| Saved data entries |
▼

(* Let $p$ be a prime and $n\ge2$, and let $l_1,\ldots,l_{n-1}$ be integers such that $l_{\alpha+\beta}\le l_\alpha+l_\beta$ for all $\alpha,\beta\ge1$ with $\alpha+\beta\le n-1$. Then $$\{B\in T_n^+(\mathbf{Q}_p): b_{j,k}\in p^{l_{k-j}}\mathbf{Z}_p\text{ when }j<k\}$$ is a compact open subring of $T_n^+(\mathbf{Q}_p)$, and $$\{A\in T^+(n,\mathbf{Q}_p): a_{j,k}\in p^{l_{k-j}}\mathbf{Z}_p\text{ when }j<k\}$$ is a compact open subgroup of $T^+(n,\mathbf{Q}_p)$. In particular $\{A\in T^+(n,\mathbf{Q}_p): \max_{j<k}|a_{j,k}|_p^{1/(k-j)}\le p^{-l}\}=\delta_{p^l}(T^+(n,\mathbf{Z}_p))$ is a compact open subgroup for each $l\in\mathbf{Z}$, and $T^+(n,\mathbf{Q}_p)$ has large compact open subgroups.
   Context: $T_n^+(\mathbf{Q}_p)$ is the ring of strictly upper-triangular $n\times n$ matrices over $\mathbf{Q}_p$; $T^+(n,\mathbf{Q}_p)$ is the group of upper-triangular matrices with diagonal entries $1$, with the topology induced from $M_n(\mathbf{Q}_p)\cong\mathbf{Q}_p^{n^2}$; $T^+(n,\mathbf{Z}_p)$ is its subgroup with entries in $\mathbf{Z}_p$; $\delta_r$ multiplies the $(j,k)$ entry with $j<k$ by $r^{k-j}$. A topological group has large compact open subgroups if every compact subset is contained in a compact open subgroup. *)

theory Defs
  imports "HOL-Analysis.Analysis" "HOL-Algebra.Group"
begin

definition nonarch_absval :: "('a::field \<Rightarrow> real) \<Rightarrow> bool" where
  "nonarch_absval absv \<longleftrightarrow>
     (\<forall>x. absv x \<ge> 0) \<and> (\<forall>x. absv x = 0 \<longleftrightarrow> x = 0) \<and>
     (\<forall>x y. absv (x * y) = absv x * absv y) \<and>
     (\<forall>x y. absv (x + y) \<le> max (absv x) (absv y))"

▲

| Exercise |
Starting from the line holding "theory Defs", restate the remaining lines of the data word for word, including the last.

| Written answer |
theory Defs
  imports "HOL-Analysis.Analysis" "HOL-Algebra.Group"
begin

definition nonarch_absval :: "('a::field \<Rightarrow> real) \<Rightarrow> bool" where
  "nonarch_absval absv \<longleftrightarrow>
     (\<forall>x. absv x \<ge> 0) \<and> (\<forall>x. absv x = 0 \<longleftrightarrow> x = 0) \<and>
     (\<forall>x y. absv (x * y) = absv x * absv y) \<and>
     (\<forall>x y. absv (x + y) \<le> max (absv x) (absv y))"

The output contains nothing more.